Chumbawamba - WYSIWYG
EMIVÖ: 03.04.2000
Anarcho-Pop mit Hund
Mit "WYSIWYG" erscheint nach fast drei Jahren eine neue Scheibe der britischen Anarcho-Combo, deren Diskographie schon fast so lang ist, wie die Liste der von ihnen angezettelten Skandale. "Du kriegst, was Du siehst" lautet der Titel übersetzt. Na gut, wollen wir doch mal sehen (und hören), was wir da bekommen! Erstmal kriegt man ein obszönes Foto zu Angesicht: aus dem netten Hundeköpfchen auf der Vorderseite wird beim Auseinanderfalten des Booklets ein kopulierendes Hundepärchen. Daneben findet man auch noch das Foto eines nackten Hinterns auf der Innenseite der CD-Hülle. Dieses trägt die Aufschrift "From all participating stores", was so etwas wie "An alle Firmen, die mit dem Verkauf Geld verdienen" bedeutet. Die nur scheinbare Beleidigung der Käufer, die darin steckt, dreht sich um und fällt zurück auf die Verkaufsketten, die einen feuchten Dreck auf die Kunden geben und nur auf Profit aus sind. Und da haben wir ihn ja schon wieder, den ausgestreckten Mittelfinger - provozieren wollen die Chumbas also immer noch. Auch die Texte, zu denen die Bandmitglieder wie gewohnt im Booklet ihre Kommentare abgeben, triefen wie gewohnt vor Ironie und Bösartigkeiten.

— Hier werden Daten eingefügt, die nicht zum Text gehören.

(* Let $L\in\mathbb Z^+$ and let $\mathcal C$ be a linear $[n,k]$ MDS code over $F$ with $k<n$ and $k/n\ge 1-\frac1L$; let $H$ be an $(n-k)\times n$ parity-check matrix of $\mathcal C$. Then $\mathcal C$ is lightly-$L$-MDS if and only if $\det\big(M_{J_0,J_1,\dots,J_L}(H)\big)\neq0$ for every collection of $L+1$ pairwise disjoint subsets $J_0,J_1,\dots,J_L\subseteq\{1,\dots,n\}$ satisfying (S1) $|J_m|\le n-k$ for all $m\in\{0,\dots,L\}$, and (S2) $\sum_{m=0}^{L}|J_m|=L(n-k)$.
   Context: $F=\mathrm{GF}(q)$; $\mathsf w(\cdot)$ is Hamming weight. For a matrix $H$ with columns indexed by $\{1,\dots,n\}$ and $J\subseteq\{1,\dots,n\}$, $(H)_J$ denotes the submatrix of columns indexed by $J$. For subsets $J_0,\dots,J_L$, $M_{J_0,\dots,J_L}(H)$ is the block matrix with $L$ block rows and $L+1$ block columns, whose $m$-th block row ($m=1,\dots,L$) is $\big(-(H)_{J_0}\ \big|\ 0\ \cdots\ 0\ \big|\ (H)_{J_m}\ \big|\ 0\cdots 0\big)$, i.e., the first block column is $-(H)_{J_0}$ in every block row, and the block in block row $m$ and block column $m$ (block columns numbered $0,\dots,L$) is $(H)_{J_m}$, all other blocks being zero. Under (S2) it is square of order $L(n-k)$. A linear $[n,k,d]$ code $\mathcal C$ is lightly-$(\tau,L)$-list decodable ($L\in\mathbb Z^+$, nonnegative $\tau\in\frac{1}{L+1}\mathbb Z$) if there do not exist $L+1$ nonzero vectors $e_0,\dots,e_L\in F^n$, each of Hamming weight at most $d-1$, all in the same coset of $\mathcal C$, with pairwise disjoint supports and $\sum_{m=0}^L\mathsf w(e_m)\le(L+1)\tau$. The code is lightly-$L$-MDS if it is lightly-$\left(\frac{L(n-k)}{L+1},L\right)$-list decodable. *)

theory Defs
  imports "Jordan_Normal_Form.DL_Rank" "Jordan_Normal_Form.Determinant"
begin

(* Vectors of length n over a finite field 'a; coordinates indexed 0..n-1
   (the paper's 1..n shifted by one). *)

definition supp :: "nat \<Rightarrow> 'a::zero vec \<Rightarrow> nat set" where
  "supp n v = {i. i < n \<and> v $ i \<noteq> 0}"

definition hweight :: "nat \<Rightarrow> 'a::zero vec \<Rightarrow> nat" where
  "hweight n v = card (supp n v)"

definition code_of :: "nat \<Rightarrow> 'a::field mat \<Rightarrow> 'a vec set" where
  "code_of n H = {c \<in> carrier_vec n. H *\<^sub>v c = 0\<^sub>v (dim_row H)}"

definition min_dist :: "nat \<Rightarrow> 'a::field vec set \<Rightarrow> nat" where
  "min_dist n C = Min {hweight n c | c. c \<in> C \<and> c \<noteq> 0\<^sub>v n}"

definition parity_check :: "nat \<Rightarrow> nat \<Rightarrow> 'a::field mat \<Rightarrow> 'a vec set \<Rightarrow> bool" where
  "parity_check n k H C \<longleftrightarrow> k \<le> n \<and> H \<in> carrier_mat (n - k) n
     \<and> vec_space.rank (n - k) H = n - k \<and> C = code_of n H"

definition is_MDS :: "nat \<Rightarrow> nat \<Rightarrow> 'a::field vec set \<Rightarrow> bool" where
  "is_MDS n k C \<longleftrightarrow> min_dist n C = n - k + 1"

definition lightly_list_decodable ::
  "nat \<Rightarrow> 'a::field vec set \<Rightarrow> real \<Rightarrow> nat \<Rightarrow> bool" where
  "lightly_list_decodable n C \<tau> L \<longleftrightarrow>
     \<not> (\<exists>e :: nat \<Rightarrow> 'a vec.
          (\<forall>m\<le>L. e m \<in> carrier_vec n \<and> e m \<noteq> 0\<^sub>v n
                  \<and> hweight n (e m) \<le> min_dist n C - 1
                  \<and> e m - e 0 \<in> C)
        \<and> (\<forall>m\<le>L. \<forall>m'\<le>L. m \<noteq> m' \<longrightarrow> supp n (e m) \<inter> supp n (e m') = {})
        \<and> real (\<Sum>m\<le>L. hweight n (e m)) \<le> real (L + 1) * \<tau>)"

definition lightly_L_MDS :: "nat \<Rightarrow> nat \<Rightarrow> 'a::field vec set \<Rightarrow> nat \<Rightarrow> bool" where
  "lightly_L_MDS n k C L \<longleftrightarrow>
     lightly_list_decodable n C (real L * real (n - k) / real (L + 1)) L"

definition blk_off :: "(nat \<Rightarrow> nat set) \<Rightarrow> nat \<Rightarrow> nat" where
  "blk_off J m = (\<Sum>t<m. card (J t))"

definition col_sub :: "'a mat \<Rightarrow> nat set \<Rightarrow> 'a mat" where
  "col_sub H J = mat (dim_row H) (card J) (\<lambda>(i, j). H $$ (i, sorted_list_of_set J ! j))"

(* M_{J_0,...,J_L}(H): L block rows (each of height r = dim_row H), L+1 block columns;
   block row m (m = 1..L) is ( -(H)_{J_0} | 0 ... 0 | (H)_{J_m} | 0 ... 0 ) *)
definition M_mat :: "'a::field mat \<Rightarrow> nat \<Rightarrow> (nat \<Rightarrow> nat set) \<Rightarrow> 'a mat" where
  "M_mat H L J = (let r = dim_row H in
     mat (L * r) (blk_off J (Suc L))
       (\<lambda>(a, c). let m = a div r + 1; i = a mod r in
          if c < blk_off J 1 then - (col_sub H (J 0) $$ (i, c))
          else if blk_off J m \<le> c \<and> c < blk_off J (Suc m)
               then col_sub H (J m) $$ (i, c - blk_off J m)
          else 0))"

end

theory Submission
  imports Defs
begin
theorem theorem4p11:
  fixes n :: nat
  assumes "odd n" and "n \<ge> 3"
  shows "Sset n (n - 1) = {(k, a1 n k, b1 n k) | k. k \<notin> An n}
    \<and> finite {(k,a,b) \<in> Sset n (n - 1). matrank n (skewA n k a b) \<noteq> n - 1}
    \<and> (\<forall>r. 1 \<le> r \<and> r \<le> n - 2 \<longrightarrow>
           finite {(k,a,b) \<in> Sset n (n - 1). matrank n (skewA n k a b) = r})"
proof -
  note n = \<open>n \<ge> 3\<close> \<open>odd n\<close>
  have Sset_eq: "Sset n (n - 1) = {(k, a1 n k, b1 n k) | k. k \<notin> An n}"
    using mem_Sset_pred_iff[OF n] by auto
  have rank_ne_empty: "{(k,a,b) \<in> Sset n (n - 1). matrank n (skewA n k a b) \<noteq> n - 1} = {}"
    using rank_skewA_eq_pred_if_mem_Sset[OF n] by auto
  have rank_eq_empty: "{(k,a,b) \<in> Sset n (n - 1). matrank n (skewA n k a b) = r} = {}" if "r \<le> n - 2" for r
    using rank_skewA_eq_pred_if_mem_Sset[OF n] that n by fastforce
  show ?thesis
    by (intro conjI allI impI Sset_eq) (simp_all only: rank_ne_empty rank_eq_empty finite.emptyI)
qed

end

Die musikalische Umsetzung klingt dagegen alles andere als böse. Harmlos und unaufregend trifft da eher zu, denn "WYSIWYG" ist ein glattgebügeltes Pop-Album. Im Gegensatz zur letzten Platte ("Tubthumper") haben Chumbawamba diesmal die Dancebeats zurückgeschraubt und sich mehr auf Gitarrenarbeit verlegt. Das steht der Band eigentlich nicht schlecht. So rund und melodiös klangen die Briten selten. Die 22 kompakten Songs gehen nahtlos ineinander über und können noch dazu mit Streichern, Bläsern und allerlei Spielereien aufwarten. Die erste Single "She's got all the friends" sei hier als Musterbeispiel genannt. Mit dem "Bee Gees"-Cover "New York mining disaster 1941" haben sie auch gleich noch eine gefühlvolle Reminiszenz an ihr '88er A-capella-Album "English rebel songs" aufgenommen. Leider reicht das alles nicht für ein wirklich gutes Album, denn die meisten Stücke bleiben nicht im Gehörgang kleben. So unauffällig wie die Tracks ins Ohr hineinrutschen, so unauffällig gleiten sie auch wieder heraus. Daran ist wohl auch die durchschnittliche Länge der Songs von gerade mal zwei Minuten schuld. Allzuoft verlieren sich die Chumbas außerdem in klebrigen Melodiebögen und bombastischen Arrangements, die alle kreativen musikalischen Ansätze zunichte machen.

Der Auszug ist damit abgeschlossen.